I am trying to locate containers to submerge long pieces of veneers in
hot water. The depth is not all that critical, perhaps only an inch or
two, but width and length, especially length needs to be longer then,
The container must be water-tight, of course, and suitable to heating so
that the water in it can boil.
Any suggstions anyone has will be appreciated.
I was in the same boat and here's what I did. I got a piece of copper
flashing material from a local roofer and bent it into a U shape, cut
the ends, and soldered it together. A friend had a bending brake and
I used that to bend the material. I made mine 44 inches long and
about 4 inches deep by about 6 wide. I also put some hinges on it so
I could make a lid to hold the heat in. I use a couple of Walmart hot
plates to heat the water. Works pretty slick.
IF you are in a rural or pseudo-rural area I'd suggest finding an
agriculture supply store (Tractor Supply Co, Fleet Farm etc are
examples from the MidWest).
Look in the section for feed troughs or ask them for suggestions.
Otherwise, I would agree with a previously posted suggestion of
getting some rain gutter.
I've never hot water bent (always used steam) and would be curious to
know how you get along.
I made a herd of shaker baskets several years ago. Had a bathroom
adjacent to the back porch, so I soaked 'em in just a covering of hot
water for about an hour (replacing the hot water every 10 minutes or so)

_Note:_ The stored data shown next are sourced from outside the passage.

lemma side_through_neighbour:
  assumes pq: "{p, q} \<in> T" and pr: "{p, r} \<in> T" and rq: "r \<noteq> q"
    and rx: "reach (T - {{p, r}}) r x"
  shows "reach (T - {{p, q}}) p x"
proof -
  have "\<And>w. reach (T - {{p, r}}) r w \<Longrightarrow> w \<noteq> p" using bridge_rev[OF pr] by blast
  then have "reach {f \<in> T - {{p, r}}. p \<notin> f} r x" by (rule reach_avoid[OF rx])
  then have "reach (T - {{p, q}}) r x" by (rule reach_mono[rotated]) blast
  moreover have "{p, r} \<in> T - {{p, q}}" using pr rq by (auto simp: doubleton_eq_iff)
  ultimately show ?thesis by (meson reach_edge reach_trans)
qed

lemma side_decompose:
  assumes pq: "{p, q} \<in> T" and px: "reach (T - {{p, q}}) p x" and "x \<noteq> p"
  shows "\<exists>r. {p, r} \<in> T \<and> r \<noteq> q \<and> reach (T - {{p, r}}) r x"
proof -
  obtain r where r1: "{p, r} \<in> T - {{p, q}}" and r2: "reach {f \<in> T - {{p, q}}. p \<notin> f} r x"
    using reach_first_step[OF px] assms(3) by auto
  from r2 have "reach (T - {{p, r}}) r x" by (rule reach_mono[rotated]) blast
  then show ?thesis using r1 by auto
qed

lemma side_of_leaf:
  assumes pq: "{p, q} \<in> T" and "degree T p = 1" and px: "reach (T - {{p, q}}) p x"
  shows "x = p"
proof (rule ccontr)
  assume "x \<noteq> p"
  with side_decompose[OF pq px] obtain r where "{p, r} \<in> T" "r \<noteq> q" by blast
  then have "{q, r} \<subseteq> neighbours T p" "card {q, r} = 2"
    using pq by (auto simp: mem_neighbours_iff)
  then have "2 \<le> degree T p" unfolding degree_def by (metis card_mono finite_neighbours)
  then show False using assms(2) by simp
qed

lemma side_through_degree_2:
  assumes pq: "{p, q} \<in> T" and "degree T p = 2"
  obtains r where "{p, r} \<in> T" "r \<noteq> q"
    and "\<And>x. reach (T - {{p, q}}) p x \<longleftrightarrow> x = p \<or> reach (T - {{p, r}}) r x"
proof -
  have "q \<in> neighbours T p" using pq by (simp add: mem_neighbours_iff)
  then have "card (neighbours T p - {q}) = 1"
    using assms(2) finite_neighbours unfolding degree_def by simp
  then obtain r where Nr: "neighbours T p - {q} = {r}" by (rule card_1_singletonE)
  then have "r \<in> neighbours T p - {q}" by simp
  then have pr: "{p, r} \<in> T" and rq: "r \<noteq> q" by (simp_all add: mem_neighbours_iff)
  have "reach (T - {{p, r}}) r x" if px: "reach (T - {{p, q}}) p x" "x \<noteq> p" for x
  proof -
    obtain r' where "{p, r'} \<in> T" "r' \<noteq> q" "reach (T - {{p, r'}}) r' x"
      using side_decompose[OF pq px] by blast
    moreover from this have "r' \<in> neighbours T p - {q}" by (simp add: mem_neighbours_iff)
    then have "r' = r" using Nr by simp
    ultimately show ?thesis by simp
  qed
  then have "reach (T - {{p, q}}) p x \<longleftrightarrow> x = p \<or> reach (T - {{p, r}}) r x" for x
    using side_through_neighbour[OF pq pr rq, of x] by auto
  then show thesis by (rule that[OF pr rq])
qed

lemma side_unique_leaf:
  assumes "{p, q} \<in> T" and "\<And>x. reach (T - {{p, q}}) p x \<Longrightarrow> degree T x \<le> 2"
  shows "\<exists>l. reach (T - {{p, q}}) p l \<and> degree T l = 1 \<and>
       (\<forall>x. reach (T - {{p, q}}) p x \<longrightarrow> degree T x = 1 \<longrightarrow> x = l)"
  using assms
proof (induction "card {x. reach (T - {{p, q}}) p x}" arbitrary: p q rule: less_induct)
  case less
  note pq = less.prems(1)
  have "1 \<le> degree T p" using degree_pos edge_in_V[OF pq] by blast
  moreover have "degree T p \<le> 2" using less.prems(2) by simp
  ultimately consider "degree T p = 1" | "degree T p = 2" by linarith
  then show ?case
  proof cases
    case 1
    then show ?thesis using side_of_leaf[OF pq 1] by (intro exI[of _ p]) auto
  next
    case 2
    obtain r where pr: "{p, r} \<in> T" and rq: "r \<noteq> q"
      and side: "\<And>x. reach (T - {{p, q}}) p x \<longleftrightarrow> x = p \<or> reach (T - {{p, r}}) r x"
      using side_through_degree_2[OF pq 2] by blast
    have rp: "{r, p} \<in> T" and eq: "T - {{r, p}} = T - {{p, r}}" using pr by (auto simp: insert_commute)
    have "{x. reach (T - {{p, r}}) r x} \<subset> {x. reach (T - {{p, q}}) p x}"
    proof (rule psubsetI)
      show "{x. reach (T - {{p, r}}) r x} \<subseteq> {x. reach (T - {{p, q}}) p x}" using side by blast
      show "{x. reach (T - {{p, r}}) r x} \<noteq> {x. reach (T - {{p, q}}) p x}"
        using bridge_rev[OF pr] by auto
    qed
    then have "card {x. reach (T - {{r, p}}) r x} < card {x. reach (T - {{p, q}}) p x}"
      unfolding eq by (rule psubset_card_mono[OF finite_side])
    moreover have "degree T x \<le> 2" if "reach (T - {{r, p}}) r x" for x
      using less.prems(2) side that unfolding eq by blast
    ultimately obtain l where l: "reach (T - {{p, r}}) r l" "degree T l = 1"
      "\<forall>x. reach (T - {{p, r}}) r x \<longrightarrow> degree T x = 1 \<longrightarrow> x = l"
      using less.hyps[OF _ rp] unfolding eq by blast
    have "x = l" if "reach (T - {{p, q}}) p x" "degree T x = 1" for x
      using that side[of x] l(3) 2 by auto
    then show ?thesis using l(1,2) side by blast
  qed
qed

lemma card_leaves_le_2:
  assumes "\<forall>x\<in>V. degree T x \<le> 2"
  shows "card (leaves V T) \<le> 2"
proof (cases "T = {}")
  case True
  then show ?thesis by (simp add: leaves_def degree_def neighbours_def)
next
  case False
  then obtain e where "e \<in> T" by blast
  moreover from this obtain p q where "e = {p, q}" using simple_graph unfolding simple_graph_def by blast
  ultimately have pq: "{p, q} \<in> T" by simp
  have qp: "{q, p} \<in> T" and eq: "T - {{q, p}} = T - {{p, q}}" using pq by (auto simp: insert_commute)
  have side_V: "x \<in> V" if "reach (T - {{p, q}}) y x" "y \<in> {p, q}" for x y
    using reach_in_V[OF that(1) Diff_subset] edge_in_V[OF pq] that(2) by blast
  obtain l1 where l1: "\<forall>x. reach (T - {{p, q}}) p x \<longrightarrow> degree T x = 1 \<longrightarrow> x = l1"
    using side_unique_leaf[OF pq] assms side_V by blast
  obtain l2 where l2: "\<forall>x. reach (T - {{p, q}}) q x \<longrightarrow> degree T x = 1 \<longrightarrow> x = l2"
    using side_unique_leaf[OF qp] assms side_V unfolding eq by blast
  have "leaves V T \<subseteq> {l1, l2}"
    using cut_edge_sides[OF pq] l1 l2 unfolding leaves_def by blast
  then have "card (leaves V T) \<le> card {l1, l2}" by (rule card_mono[rotated]) simp
  also have "\<dots> \<le> 2" by (simp add: card_insert_if)
  finally show ?thesis .
qed

text \<open>Take a branch vertex z and an incident edge zc whose far side is as large as possible: then
  every other branch vertex lies on that side, so the remaining branches at z are paths.\<close>
lemma exists_end_branch:
  assumes "\<exists>z\<in>V. 3 \<le> degree T z"
  shows "\<exists>z c. z \<in> V \<and> 3 \<le> degree T z \<and> {z, c} \<in> T \<and>
     (\<forall>y\<in>V. 3 \<le> degree T y \<longrightarrow> y \<noteq> z \<longrightarrow> reach (T - {{z, c}}) c y)"
proof -
  let ?P = "\<lambda>(z, c). z \<in> V \<and> 3 \<le> degree T z \<and> {z, c} \<in> T"
  let ?m = "\<lambda>(z, c). card {x. reach (T - {{z, c}}) z x}"
  obtain z0 where z0: "z0 \<in> V" "3 \<le> degree T z0" using assms by blast
  then have "neighbours T z0 \<noteq> {}" unfolding degree_def by auto
  then obtain c0 where "{z0, c0} \<in> T" by (auto simp: mem_neighbours_iff)
  then have "?P (z0, c0)" using z0 by simp
  then obtain z c where P: "?P (z, c)" and min: "\<And>y. ?P y \<Longrightarrow> ?m (z, c) \<le> ?m y"
    using ex_has_least_nat[of ?P "(z0, c0)" ?m] by auto
  have zV: "z \<in> V" and e: "{z, c} \<in> T" using P by auto
  have "reach (T - {{z, c}}) c y" if yV: "y \<in> V" and dy: "3 \<le> degree T y" and yz: "y \<noteq> z" for y
  proof (rule ccontr)
    assume "\<not> reach (T - {{z, c}}) c y"
    then have zy: "reach (T - {{z, c}}) z y" using cut_edge_sides[OF e yV] by blast
    let ?t = "toward y z"
    have yt: "{y, ?t} \<in> T" and nyz: "\<not> reach (T - {{y, ?t}}) y z" using toward[OF yV zV yz] by auto
    let ?A = "{x. reach (T - {{y, ?t}}) y x}"
    let ?B = "{x. reach (T - {{z, c}}) z x}"
    have "?A \<subseteq> ?B"
    proof
      fix x assume "x \<in> ?A"
      then have "reach (T - {{y, ?t}}) y x" by simp
      moreover have "\<And>w. reach (T - {{y, ?t}}) y w \<Longrightarrow> w \<noteq> z" using nyz by blast
      ultimately have "reach {f \<in> T - {{y, ?t}}. z \<notin> f} y x" by (rule reach_avoid)
      then have "reach (T - {{z, c}}) y x" by (rule reach_mono[rotated]) blast
      then show "x \<in> ?B" using reach_trans[OF zy] by simp
    qed
    moreover have "z \<in> ?B" "z \<notin> ?A" using nyz by auto
    ultimately have "?A \<subset> ?B" by blast
    then have "card ?A < card ?B" by (rule psubset_card_mono[OF finite_side])
    moreover have "?m (z, c) \<le> ?m (y, ?t)" using min[of "(y, ?t)"] yV dy yt by simp
    ultimately show False by simp
  qed
  then show ?thesis using P by auto
qed

lemma card_V_eq_cost_plus_degree_2:
  assumes "\<forall>x\<in>V. 1 \<le> degree T x"
  shows "card V = cost V T + card {x \<in> V. degree T x = 2}"
proof -
  let ?D2 = "{x \<in> V. degree T x = 2}"
  have "V = (leaves V T \<union> branch_vertices V T) \<union> ?D2"
    using assms unfolding leaves_def branch_vertices_def by force
  moreover have "(leaves V T \<union> branch_vertices V T) \<inter> ?D2 = {}"
    unfolding leaves_def branch_vertices_def by auto
  ultimately have "card V = card (leaves V T \<union> branch_vertices V T) + card ?D2"
    using finite_V by (metis card_Un_disjoint finite_Un finite_subset sup_ge1 sup_ge2)
  also have "card (leaves V T \<union> branch_vertices V T) = cost V T"
    unfolding cost_def using finite_V
    by (intro card_Un_disjoint) (auto simp: leaves_def branch_vertices_def)
  finally show ?thesis .
qed

end

section \<open>Edge exchanges in minimum-cost trees\<close>

context tree_on
begin

lemma separated_not_edge:
  assumes "\<not> reach (T - {{p, q}}) a b" and "{a, b} \<noteq> {p, q}"
  shows "{a, b} \<notin> T"
  using assms reach_edge[of a b "T - {{p, q}}"] by blast

lemma branch_separation:
  assumes zc: "{z, c} \<in> T" and ncv: "\<not> reach (del_vertex T z) c v"
    and cx: "reach (T - {{z, c}}) c x"
  shows "\<not> reach (T - {{z, c}}) v x"
proof
  assume "reach (T - {{z, c}}) v x"
  then have "reach (T - {{z, c}}) c v" by (rule reach_trans[OF cx reach_sym])
  then show False using ncv reach_del_vertex_iff[OF zc] by blast
qed

lemma toward_separation:
  assumes z: "z \<in> V" and s: "s \<in> V" "s \<noteq> z" and sep: "\<not> reach (del_vertex T z) v s"
  shows "{z, toward z s} \<in> T" "v \<noteq> toward z s" "\<not> reach (T - {{z, toward z s}}) v s"
proof -
  let ?r = "toward z s"
  show zr: "{z, ?r} \<in> T" using toward(1)[OF z s(1) s(2)[symmetric]] .
  have rs: "reach (T - {{z, ?r}}) ?r s" using toward_side[OF z s(1) s(2)[symmetric]] .
  have nrv: "\<not> reach (del_vertex T z) ?r v"
  proof
    assume "reach (del_vertex T z) ?r v"
    moreover have "reach (del_vertex T z) ?r s" using rs reach_del_vertex_iff[OF zr] by simp
    ultimately have "reach (del_vertex T z) v s" by (rule reach_trans[OF reach_sym])
    then show False using sep by simp
  qed
  then show "v \<noteq> ?r" by auto
  show "\<not> reach (T - {{z, ?r}}) v s" using branch_separation[OF zr nrv rs] .
qed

and added boiling water about 10 minutes prior to running out the
back door with 'em and wrapping them around the styrofoam molds and duct
taping them. One out of six was just on the verge of cracking, but all
worked out well after allowing 3 days for drying here in AZ.
I did the final thicknessing on my RAS with a rotary planer, but that's
I'm like hex here any bending I have ever done successfully has been with
steam. I take a big downspout or some other pipe to fit the stock put duct
tape over one end and wood inside and loose fit a rag in the open end. Then
I poke the hose from an old wallpaper steamer through the taped end and let
it steep. I made a box and put it on top of a woodstove in my shop but
never had any success with that. The steaming method has even bent 1"
walnut rope dowel for me and that is a hard bend (the short grain wants to
Good luck and happy bending!
just finished a weekend of Shaker box making at the John Campbell folk
school and the instructer had a stainless tank that had a hinged cover.
he had it made at a local sheel metal shop in Atlanta. He also
suggested a length of metal rain gutter. I have also seen articles that
indicated the Shakers used room temp water but I can't confirm that.
C'mon! You're a woodworker! Get some cdx plywood and make a box! Put
in several screws at the joints and the wood will swell and keep the
leakage to a minimum, or you can use epoxy for the joints, being sure
to slather it on in critical areas (like corners). Epoxy has
gap-filling properties which will fill small gaps (~1/16"), so it
should work well.
I bet you even have some scrap wood laying around which will work.
Well, I bought a length of guttering, put the end caps on, filled the
gaps at the end with gutter seal, and it holds the water just fine. It
also looks like it will do fine for boxes up to about a #8, 4 feet in
length and 5-6" in width.
I tried heating the water over a dual hot plate, and after about an
hour, the water was still only at about 150 degrees.
Any ideas on the best way to get the water to boil?
doesn't have to boil, just get to the "steaming" state. boiling breaks
down part of the wood and can weaken it. Our instructor last weekend
had a 2 burner hot plate under his stainless steel tank (18"x48"x 4"
deep) and that worked just fine, took about 30 miuntes to get the water
steaming but it never did boil. did you have a cover on it?
His tank was a gift from some former students. they had asked in class
what his ideal tank would be and had a sheet metal shop make 3, one for
each of the 2 students and the 3rd they sent to him.
Sheet metal shop or sheet metal fabricator.
I bought an old tea kettle for $1 at Goodwill and fit a metal pipe to
it and my steambox. I heat the tea kettle with a natural gas Fisher
burner (gets extremely hot), but I guess an electric burner will work
fine too. What you don't want is to run out of fuel in the middle of
the steaming process (like using a propane torch.)
Get yourself a pair of leather gloves. Steam burns hurt!
You don't have to boil the water for Shaker boxes. You need to keep
the stock thin -- for the smallest boxes (with the tightest radii),
the stock must be thinner than a big box, like a #8. I use a Walmart
electric hotplate under a 40" x 7" copper tray, with about 3" of water
in it. One burner gets really hot, while the other is stuck on "low"
for warming only. It gets the water more than hot enough. I soak the
pieces for 15-20 minutes, and they bend like butter.